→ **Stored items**
(* Let $K$ be a field, $\mathcal A$ a $K$-algebra, $\vartheta$ any one of the four types (left, right, pre-two-sided, two-sided), and $V$ a $K$-subspace of $\mathcal A$ such that every element of $\sqrt V$ is algebraic over $K$ and $I_{\vartheta,V}=0$. Then $V$ is a $\vartheta$-Mathieu subspace of $\mathcal A$ if and only if $V$ contains no nonzero idempotent. Consequently, if $\vartheta\neq$ pre-two-sided and $\mathcal A$ is an algebraic $K$-algebra with no non-trivial $\vartheta$-ideals, then a non-trivial $K$-subspace $M$ of $\mathcal A$ is a $\vartheta$-Mathieu subspace of $\mathcal A$ if and only if $M$ contains no nonzero idempotent of $\mathcal A$.
   Context: All algebras are associative and unital. $\sqrt S$ is the set of $a\in\mathcal A$ with $a^m\in S$ for all sufficiently large $m$. An idempotent is $e$ with $e^2=e$. A subspace is non-trivial if it is neither $0$ nor $\mathcal A$. $\mathcal A$ is algebraic if every element is algebraic over $K$. A $\vartheta$-ideal is a left ideal if $\vartheta$ = left, right ideal if $\vartheta$ = right, two-sided ideal if $\vartheta$ is pre-two-sided or two-sided. For $\vartheta\neq$ pre-two-sided, $I_{\vartheta,V}$ is the largest $\vartheta$-ideal of $\mathcal A$ contained in $V$ (the sum of all $\vartheta$-ideals contained in $V$); for $\vartheta$ = pre-two-sided, $I_{\vartheta,V}$ is the sum of the largest left ideal contained in $V$ and the largest right ideal contained in $V$. Mathieu subspaces: a $K$-subspace $V$ is a left (resp. right) Mathieu subspace if whenever $a^m\in V$ for all $m\ge1$, then for every $b\in\mathcal A$, $ba^m\in V$ (resp. $a^mb\in V$) for all sufficiently large $m$; pre-two-sided if both left and right; two-sided if whenever $a^m\in V$ for all $m\ge1$, for all $b,c$, $ba^mc\in V$ for all sufficiently large $m$. *)

theory Defs
  imports Main "HOL-Computational_Algebra.Polynomial"
begin

definition is_algebra :: "('k::field \<Rightarrow> 'a::ring_1 \<Rightarrow> 'a) \<Rightarrow> bool" where
  "is_algebra scale \<longleftrightarrow> vector_space scale \<and>
     (\<forall>c x y. scale c (x * y) = scale c x * y \<and> scale c (x * y) = x * scale c y)"

definition poly_eval :: "('k::field \<Rightarrow> 'a::ring_1 \<Rightarrow> 'a) \<Rightarrow> 'k poly \<Rightarrow> 'a \<Rightarrow> 'a" where
  "poly_eval scale p a = (\<Sum>i\<le>degree p. scale (coeff p i) (a ^ i))"

definition algebraic_elem :: "('k::field \<Rightarrow> 'a::ring_1 \<Rightarrow> 'a) \<Rightarrow> 'a \<Rightarrow> bool" where
  "algebraic_elem scale a \<longleftrightarrow> (\<exists>p::'k poly. p \<noteq> 0 \<and> poly_eval scale p a = 0)"

definition algebraic_algebra :: "('k::field \<Rightarrow> 'a::ring_1 \<Rightarrow> 'a) \<Rightarrow> bool" where
  "algebraic_algebra scale \<longleftrightarrow> (\<forall>a. algebraic_elem scale a)"

definition radical :: "'a::ring_1 set \<Rightarrow> 'a set" where
  "radical S = {a. \<exists>N. \<forall>m\<ge>N. a ^ m \<in> S}"

definition idempotent :: "'a::ring_1 \<Rightarrow> bool" where
  "idempotent e \<longleftrightarrow> e * e = e"

datatype mtype = LeftT | RightT | PreTwoSidedT | TwoSidedT

definition left_ideal :: "('k::field \<Rightarrow> 'a::ring_1 \<Rightarrow> 'a) \<Rightarrow> 'a set \<Rightarrow> bool" where
  "left_ideal scale I \<longleftrightarrow> module.subspace scale I \<and> (\<forall>b\<in>UNIV. \<forall>a\<in>I. b * a \<in> I)"

definition right_ideal :: "('k::field \<Rightarrow> 'a::ring_1 \<Rightarrow> 'a) \<Rightarrow> 'a set \<Rightarrow> bool" where
  "right_ideal scale I \<longleftrightarrow> module.subspace scale I \<and> (\<forall>b\<in>UNIV. \<forall>a\<in>I. a * b \<in> I)"

definition two_sided_ideal :: "('k::field \<Rightarrow> 'a::ring_1 \<Rightarrow> 'a) \<Rightarrow> 'a set \<Rightarrow> bool" where
  "two_sided_ideal scale I \<longleftrightarrow> left_ideal scale I \<and> right_ideal scale I"

definition theta_ideal :: "mtype \<Rightarrow> ('k::field \<Rightarrow> 'a::ring_1 \<Rightarrow> 'a) \<Rightarrow> 'a set \<Rightarrow> bool" where
  "theta_ideal t scale I = (case t of
       LeftT \<Rightarrow> left_ideal scale I
     | RightT \<Rightarrow> right_ideal scale I
     | PreTwoSidedT \<Rightarrow> two_sided_ideal scale I
     | TwoSidedT \<Rightarrow> two_sided_ideal scale I)"

definition I_theta :: "mtype \<Rightarrow> ('k::field \<Rightarrow> 'a::ring_1 \<Rightarrow> 'a) \<Rightarrow> 'a set \<Rightarrow> 'a set" where
  "I_theta t scale V = (if t = PreTwoSidedT
     then module.span scale (\<Union>{I. left_ideal scale I \<and> I \<subseteq> V} \<union>
                            \<Union>{I. right_ideal scale I \<and> I \<subseteq> V})
     else module.span scale (\<Union>{I. theta_ideal t scale I \<and> I \<subseteq> V}))"

definition left_mathieu :: "'a::ring_1 set \<Rightarrow> bool" where
  "left_mathieu V \<longleftrightarrow> (\<forall>a. (\<forall>m\<ge>1. a ^ m \<in> V) \<longrightarrow> (\<forall>b. \<exists>N. \<forall>m\<ge>N. b * a ^ m \<in> V))"

definition right_mathieu :: "'a::ring_1 set \<Rightarrow> bool" where
  "right_mathieu V \<longleftrightarrow> (\<forall>a. (\<forall>m\<ge>1. a ^ m \<in> V) \<longrightarrow> (\<forall>b. \<exists>N. \<forall>m\<ge>N. a ^ m * b \<in> V))"

definition two_sided_mathieu :: "'a::ring_1 set \<Rightarrow> bool" where
  "two_sided_mathieu V \<longleftrightarrow>
     (\<forall>a. (\<forall>m\<ge>1. a ^ m \<in> V) \<longrightarrow> (\<forall>b c. \<exists>N. \<forall>m\<ge>N. b * a ^ m * c \<in> V))"

text \<open>theta-Mathieu subspace (V is assumed to be a K-subspace separately).\<close>
definition theta_mathieu :: "mtype \<Rightarrow> 'a::ring_1 set \<Rightarrow> bool" where
  "theta_mathieu t V = (case t of
       LeftT \<Rightarrow> left_mathieu V
     | RightT \<Rightarrow> right_mathieu V
     | PreTwoSidedT \<Rightarrow> left_mathieu V \<and> right_mathieu V
     | TwoSidedT \<Rightarrow> two_sided_mathieu V)"

end

theory Submission imports Defs begin

text \<open>If \<open>V\<close> contains an idempotent \<open>e\<close>, then all powers \<open>e^m = e\<close> lie in \<open>V\<close>, so the
  Mathieu property puts the \<open>\<vartheta>\<close>-ideal generated by \<open>e\<close> into \<open>V\<close>, hence into \<open>I_\<vartheta>,V = 0\<close>.
  Conversely, let all positive powers of an algebraic \<open>a\<close> lie in \<open>V\<close>. If \<open>c_k\<close> is the lowest
  nonzero coefficient of a polynomial killing \<open>a\<close>, then \<open>a^k = a^(k+1) w\<close> for a polynomial \<open>w\<close>
  in \<open>a\<close>, and \<open>e = a^(k+1) w^(k+1)\<close> is an idempotent in the span of the positive powers of
  \<open>a\<close> with \<open>e a^(k+1) = a^(k+1)\<close>. So if \<open>V\<close> contains no nonzero idempotent, \<open>a\<close> is
  nilpotent, and nilpotent elements satisfy every Mathieu condition trivially.\<close>

lemma idempotent_power: "idempotent e \<Longrightarrow> m \<ge> 1 \<Longrightarrow> e ^ m = e"
proof (induction m)
  case (Suc m)
  then show ?case by (cases "m = 0") (auto simp: idempotent_def power_Suc2)
qed simp

lemma idempotent_eventually_power:
  assumes "idempotent e" and "\<exists>N. \<forall>m\<ge>N. P (e ^ m)"
  shows "P e"
  using assms idempotent_power[OF assms(1), of "max N 1" for N] by (metis max.cobounded1 max.cobounded2)

lemma idempotent_of_power_eq:
  fixes a w :: "'a::ring_1"
  assumes comm: "a * w = w * a" and eq: "a ^ Suc k * w = a ^ k"
  defines "e \<equiv> a ^ Suc k * w ^ Suc k"
  shows "idempotent e" and "e * a ^ Suc k = a ^ Suc k"
proof -
  have absorb: "a ^ (Suc k + n) * w ^ n = a ^ Suc k" for n
  proof (induction n)
    case (Suc n)
    have "a ^ (Suc k + Suc n) = a ^ Suc n * a ^ Suc k"
      by (metis power_add add.commute)
    then have "a ^ (Suc k + Suc n) * w ^ Suc n = a ^ Suc n * (a ^ Suc k * w) * w ^ n"
      by (simp add: mult.assoc)
    also have "\<dots> = a ^ Suc n * a ^ k * w ^ n"
      by (simp only: eq)
    also have "\<dots> = a ^ (Suc k + n) * w ^ n"
      by (metis power_add add.commute add_Suc)
    finally show ?case using Suc by simp
  qed simp
  have w_power_comm: "w ^ n * a ^ m = a ^ m * w ^ n" for n m
    using comm by (metis power_commuting_commutes)
  have "e * a ^ Suc k = a ^ Suc k * a ^ Suc k * w ^ Suc k"
    unfolding e_def by (simp only: mult.assoc w_power_comm)
  also have "\<dots> = a ^ Suc k"
    using absorb[of "Suc k"] by (simp only: power_add)
  finally show "e * a ^ Suc k = a ^ Suc k" .
  then show "idempotent e"
    unfolding idempotent_def e_def by (metis mult.assoc)
qed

→ **Task directions**
From the records above, extract exactly and only the lines that begin at the line with "V = (case t of" and stop after the line with "theory Submission imports Defs begin".

→ **Final answer**
  "theta_mathieu t V = (case t of
       LeftT \<Rightarrow> left_mathieu V
     | RightT \<Rightarrow> right_mathieu V
     | PreTwoSidedT \<Rightarrow> left_mathieu V \<and> right_mathieu V
     | TwoSidedT \<Rightarrow> two_sided_mathieu V)"

end

theory Submission imports Defs begin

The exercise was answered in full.